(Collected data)
»»

(* Let $K$ be a connected CW complex, $f:K\to K$ a pointed cellular map with $f\circ f\simeq f$, and $H:K\times I\to K$ a (not necessarily pointed) homotopy from $f$ to $f^2$. Let $d:K\to\mathrm{Tel}(f)$ and $u:\mathrm{Tel}(f)\to K$ be the maps described in the context. Then for every finite CW complex $L$ and every map $h:L\to\mathrm{Tel}(f)$, the map $d\circ u\circ h$ is homotopic to $h$.
   Context: $\mathrm{Tel}(f)$ is the union over $n\in\mathbb{Z}$ of the unreduced mapping cylinders $M_n$ of $f:K_n\to K_{n+1}$, each $K_n$ a copy of $K$, glued along the $K_{n+1}$. The map $d:K\to\mathrm{Tel}(f)$ is $f$ regarded as a map into the copy $K_0$; $u:\mathrm{Tel}(f)\to K$ equals $f$ on each copy $K_n$ and equals $H(x,t)$ at the point $(x,t)$ of $M_n$. Homotopies are free. *)

theory Defs
  imports "HOL-Analysis.Analysis"
begin

text \<open>The closed n-disc, its boundary sphere (empty for n = 0) and its interior,
  inside the library's Euclidean_space n (functions nat => real vanishing from n on).\<close>

definition disc :: "nat \<Rightarrow> (nat \<Rightarrow> real) topology" where
  "disc n = subtopology (Euclidean_space n) {x. (\<Sum>i<n. (x i)^2) \<le> 1}"

definition disc_boundary :: "nat \<Rightarrow> (nat \<Rightarrow> real) set" where
  "disc_boundary n = {x \<in> topspace (Euclidean_space n). (\<Sum>i<n. (x i)^2) = 1}"

definition disc_interior :: "nat \<Rightarrow> (nat \<Rightarrow> real) set" where
  "disc_interior n = {x \<in> topspace (Euclidean_space n). (\<Sum>i<n. (x i)^2) < 1}"

definition open_cell :: "('i \<Rightarrow> nat) \<Rightarrow> ('i \<Rightarrow> (nat \<Rightarrow> real) \<Rightarrow> 'a) \<Rightarrow> 'i \<Rightarrow> 'a set" where
  "open_cell cdim \<Phi> i = \<Phi> i ` disc_interior (cdim i)"

definition closed_cell :: "('i \<Rightarrow> nat) \<Rightarrow> ('i \<Rightarrow> (nat \<Rightarrow> real) \<Rightarrow> 'a) \<Rightarrow> 'i \<Rightarrow> 'a set" where
  "closed_cell cdim \<Phi> i = \<Phi> i ` topspace (disc (cdim i))"

definition cw_structure ::
  "'a topology \<Rightarrow> 'i set \<Rightarrow> ('i \<Rightarrow> nat) \<Rightarrow> ('i \<Rightarrow> (nat \<Rightarrow> real) \<Rightarrow> 'a) \<Rightarrow> bool" where
  "cw_structure X I cdim \<Phi> \<longleftrightarrow>
     Hausdorff_space X \<and>
     (\<forall>i\<in>I. continuous_map (disc (cdim i)) X (\<Phi> i)) \<and>
     (\<forall>i\<in>I. homeomorphic_map (subtopology (disc (cdim i)) (disc_interior (cdim i)))
                               (subtopology X (open_cell cdim \<Phi> i)) (\<Phi> i)) \<and>
     (\<forall>i\<in>I. \<forall>j\<in>I. i \<noteq> j \<longrightarrow> open_cell cdim \<Phi> i \<inter> open_cell cdim \<Phi> j = {}) \<and>
     (\<Union>i\<in>I. open_cell cdim \<Phi> i) = topspace X \<and>
     (\<forall>i\<in>I. \<exists>F. F \<subseteq> I \<and> finite F \<and> (\<forall>j\<in>F. cdim j < cdim i) \<and>
                 \<Phi> i ` disc_boundary (cdim i) \<subseteq> (\<Union>j\<in>F. open_cell cdim \<Phi> j)) \<and>
     (\<forall>A. A \<subseteq> topspace X \<longrightarrow>
          (closedin X A \<longleftrightarrow>
           (\<forall>i\<in>I. closedin (disc (cdim i)) {x \<in> topspace (disc (cdim i)). \<Phi> i x \<in> A})))"

definition skeleton :: "'i set \<Rightarrow> ('i \<Rightarrow> nat) \<Rightarrow> ('i \<Rightarrow> (nat \<Rightarrow> real) \<Rightarrow> 'a) \<Rightarrow> nat \<Rightarrow> 'a set" where
  "skeleton I cdim \<Phi> n = (\<Union>i\<in>{i\<in>I. cdim i \<le> n}. closed_cell cdim \<Phi> i)"

definition cellular_map ::
  "'i set \<Rightarrow> ('i \<Rightarrow> nat) \<Rightarrow> ('i \<Rightarrow> (nat \<Rightarrow> real) \<Rightarrow> 'a) \<Rightarrow> ('a \<Rightarrow> 'a) \<Rightarrow> bool" where
  "cellular_map I cdim \<Phi> f \<longleftrightarrow> (\<forall>n. f ` skeleton I cdim \<Phi> n \<subseteq> skeleton I cdim \<Phi> n)"

text \<open>A finite CW complex: a space admitting a CW structure with finitely many cells.
  The index type is fixed to nat (no loss, since the index set is finite).\<close>

definition finite_cw_complex :: "'b topology \<Rightarrow> bool" where
  "finite_cw_complex L \<longleftrightarrow>
     (\<exists>(I::nat set) cdim \<Phi>. finite I \<and> cw_structure L I cdim \<Phi>)"

text \<open>Tel(f) is the quotient of Z x K x [0,1] (Z discrete) by (n,x,1) ~ (n+1, f x, 0).
  Each equivalence class has a unique representative (n,x,t) with 0 <= t < 1;
  tel_proj sends a point to that representative.\<close>

definition tel_domain :: "'a topology \<Rightarrow> (int \<times> 'a \<times> real) topology" where
  "tel_domain K = prod_topology (discrete_topology UNIV) (prod_topology K (top_of_set {0..1}))"

definition tel_proj :: "('a \<Rightarrow> 'a) \<Rightarrow> int \<times> 'a \<times> real \<Rightarrow> int \<times> 'a \<times> real" where
  "tel_proj f p = (case p of (n, x, t) \<Rightarrow> if t = 1 then (n + 1, f x, 0) else (n, x, t))"

definition Tel :: "'a topology \<Rightarrow> ('a \<Rightarrow> 'a) \<Rightarrow> (int \<times> 'a \<times> real) topology" where
  "Tel K f = topology (\<lambda>U. U \<subseteq> tel_proj f ` topspace (tel_domain K) \<and>
                 openin (tel_domain K) {p \<in> topspace (tel_domain K). tel_proj f p \<in> U})"

definition tel_d :: "('a \<Rightarrow> 'a) \<Rightarrow> 'a \<Rightarrow> int \<times> 'a \<times> real" where
  "tel_d f x = (0, f x, 0)"

definition tel_u :: "('a \<times> real \<Rightarrow> 'a) \<Rightarrow> int \<times> 'a \<times> real \<Rightarrow> 'a" where
  "tel_u H p = (case p of (n, x, t) \<Rightarrow> H (x, t))"

end

theory Submission
  imports Defs
begin

text \<open>
  Since L is compact, h stays below some level c of the telescope. Flowing points forward along
  the telescope is a homotopy from the identity of Tel(f) to a map push_c which moves everything
  below level c into the copy K_c, applying powers of f on the way. Let i_n be the inclusion of
  the copy K_n, so that d = i_0 \<circ> f and, by H(x, 0) = f x, u \<circ> i_n = f. With
  g = u \<circ> push_c \<circ> h this gives
    h \<simeq> push_(c+2) \<circ> h = i_(c+2) \<circ> f \<circ> g   and   d \<circ> u \<circ> h \<simeq> d \<circ> u \<circ> push_c \<circ> h = i_0 \<circ> f \<circ> g.
  Flowing K_0 up to K_(c+2) gives i_0 \<simeq> i_(c+2) \<circ> f^(c+2), and f^(c+3) \<simeq> f because f \<circ> f \<simeq> f;
  so i_0 \<circ> f \<simeq> i_(c+2) \<circ> f, which joins the two homotopies.
\<close>

section \<open>Homotopies and compactness\<close>

declare homotopic_with_trans [trans]

lemma continuous_map_funpow: "continuous_map X X f \<Longrightarrow> continuous_map X X (f ^^ n)"
  by (induction n) (auto intro: continuous_map_compose)

lemma continuous_map_prod_discrete_slices:
  assumes "\<And>n. n \<in> S \<Longrightarrow> continuous_map (prod_topology Z W) Y (\<lambda>(z, w). g (z, n, w))"
  shows "continuous_map (prod_topology Z (prod_topology (discrete_topology S) W)) Y g"
    (is "continuous_map ?X Y g")
proof (rule pasting_lemma[where I=S and T="\<lambda>n. {p \<in> topspace ?X. fst (snd p) = n}"
      and f="\<lambda>n p. g (fst p, n, snd (snd p))"])
  have index: "continuous_map ?X (discrete_topology S) (\<lambda>p. fst (snd p))"
    by (rule continuous_map_compose[OF continuous_map_snd continuous_map_fst, unfolded o_def])
  show "openin ?X {p \<in> topspace ?X. fst (snd p) = n}" if "n \<in> S" for n
    using openin_continuous_map_preimage[OF index, of "{n}"] that by simp
  have "continuous_map ?X (prod_topology Z W) (\<lambda>p. (fst p, snd (snd p)))"
    by (intro continuous_map_pairedI continuous_map_fst
        continuous_map_compose[OF continuous_map_snd continuous_map_snd, unfolded o_def])
  from continuous_map_compose[OF this assms]
  show "continuous_map (subtopology ?X {p \<in> topspace ?X. fst (snd p) = n}) Y
      (\<lambda>p. g (fst p, n, snd (snd p)))" if "n \<in> S" for n
    using that by (simp add: o_def continuous_map_from_subtopology)
qed auto

lemma homotopic_with_trueI:
  assumes "continuous_map (prod_topology (top_of_set {0..1::real}) X) Y k"
    and "\<And>x. x \<in> topspace X \<Longrightarrow> k (0, x) = p x" and "\<And>x. x \<in> topspace X \<Longrightarrow> k (1, x) = q x"
  shows "homotopic_with (\<lambda>_. True) X Y p q"
proof (subst homotopic_with)
  show "\<exists>h. continuous_map (prod_topology (top_of_set {0..1::real}) X) Y h \<and>
      (\<forall>x\<in>topspace X. h (0, x) = p x) \<and> (\<forall>x\<in>topspace X. h (1, x) = q x) \<and> (\<forall>t\<in>{0..1}. True)"
    using assms by (intro exI[of _ k]) auto
qed simp

lemma homotopic_with_prod_homotopy:
  assumes "continuous_map (prod_topology X (top_of_set {0..1::real})) Y H"
  shows "homotopic_with (\<lambda>_. True) X Y (\<lambda>x. H (x, 0)) (\<lambda>x. H (x, 1))"
proof (rule homotopic_with_trueI)
  show "continuous_map (prod_topology (top_of_set {0..1::real}) X) Y (H \<circ> (\<lambda>(s, x). (x, s)))"
    using homeomorphic_imp_continuous_map[OF homeomorphic_map_swap] assms
    by (rule continuous_map_compose)
qed auto

lemma homotopic_funpow_Suc_of_idempotent:
  assumes "homotopic_with (\<lambda>_. True) X X f (f \<circ> f)"
  shows "homotopic_with (\<lambda>_. True) X X (f ^^ Suc k) f"
proof (induction k)
  case 0
  show ?case
    using homotopic_with_imp_continuous_maps[OF assms] by simp
next
  case (Suc k)
  have "homotopic_with (\<lambda>_. True) X X f f"
    using homotopic_with_imp_continuous_maps[OF assms] by simp
  with Suc.IH have "homotopic_with (\<lambda>_. True) X X (f \<circ> f ^^ Suc k) (f \<circ> f)"
    by (rule homotopic_compose)
  then have "homotopic_with (\<lambda>_. True) X X (f \<circ> f ^^ Suc k) f"
    using homotopic_with_symD[OF assms] by (rule homotopic_with_trans)
  then show ?case
    by (subst funpow.simps(2))
qed

lemma compact_space_bounded_above_nat:
  assumes "compact_space X" and "continuous_map X euclideanreal g"
  obtains c :: nat where "\<And>x. x \<in> topspace X \<Longrightarrow> g x \<le> real c"
proof -
  have "compact (g ` topspace X)"
    using image_compactin[OF _ assms(2)] assms(1) by (simp add: compact_space_def)
  then have "bdd_above (g ` topspace X)"
    by (simp add: bounded_imp_bdd_above compact_imp_bounded)
  then obtain B where "\<And>x. x \<in> topspace X \<Longrightarrow> g x \<le> B"
    by (auto simp: bdd_above_def)
  moreover obtain c :: nat where "B \<le> real c"
    using real_arch_simple by blast
  ultimately show ?thesis
    using that order_trans by blast
qed

lemma compact_space_disc: "compact_space (disc n)"
proof -
  define B where "B = PiE UNIV (\<lambda>i::nat. if i < n then {-1..1::real} else {0})"
  define S where "S = {x::nat\<Rightarrow>real. (\<forall>i\<ge>n. x i = 0) \<and> (\<Sum>i<n. (x i)^2) \<le> 1}"
  have "compactin (powertop_real UNIV) B"
    unfolding B_def by (simp add: compactin_PiE)
  moreover have "S \<subseteq> B"
  proof
    fix x assume "x \<in> S"
    then have x: "\<forall>i\<ge>n. x i = 0" "(\<Sum>i<n. (x i)^2) \<le> 1"
      by (auto simp: S_def)
    have "(x i)^2 \<le> 1" if "i < n" for i
      using member_le_sum[of i "{..<n}" "\<lambda>i. (x i)^2"] that x(2) by simp
    then show "x \<in> B"
      using x by (auto simp: B_def abs_le_iff not_less abs_square_le_1)
  qed
  moreover have "closedin (powertop_real UNIV) S"
  proof -
    have proj: "continuous_map (powertop_real UNIV) euclideanreal (\<lambda>x. x i)" for i
      by (rule continuous_map_product_projection) simp
    have "closedin (powertop_real UNIV) {x. x i = 0}" for i
      using closedin_continuous_map_preimage[OF proj, of "{0}"] by simp
    moreover have "continuous_map (powertop_real UNIV) euclideanreal (\<lambda>x. \<Sum>i<n. (x i)^2)"
      using proj by (intro continuous_map_sum continuous_map_real_pow) auto
    from closedin_continuous_map_preimage[OF this, of "{..1}"]
    have "closedin (powertop_real UNIV) {x. (\<Sum>i<n. (x i)^2) \<le> 1}"
      by simp
    moreover have "S = (\<Inter>i\<in>{n..}. {x. x i = 0}) \<inter> {x. (\<Sum>i<n. (x i)^2) \<le> 1}"
      by (auto simp: S_def)
    ultimately show ?thesis
      by (auto intro!: closedin_Int closedin_Inter)
  qed
  ultimately have "compactin (powertop_real UNIV) S"
    by (rule closed_compactin)
  moreover have "disc n = subtopology (powertop_real UNIV) S"
    by (simp add: disc_def Euclidean_space_def subtopology_subtopology S_def Collect_conj_eq)
  ultimately show ?thesis
    by (simp add: compact_space_subtopology)
qed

««

## Task requirements
Scan the entries above for the line containing "by (auto simp: bdd_above_def)", and copy it and all lines after it exactly, down to and including the line containing "define B where".

## Written response
    by (auto simp: bdd_above_def)
  moreover obtain c :: nat where "B \<le> real c"
    using real_arch_simple by blast
  ultimately show ?thesis
    using that order_trans by blast
qed

lemma compact_space_disc: "compact_space (disc n)"
proof -
  define B where "B = PiE UNIV (\<lambda>i::nat. if i < n then {-1..1::real} else {0})"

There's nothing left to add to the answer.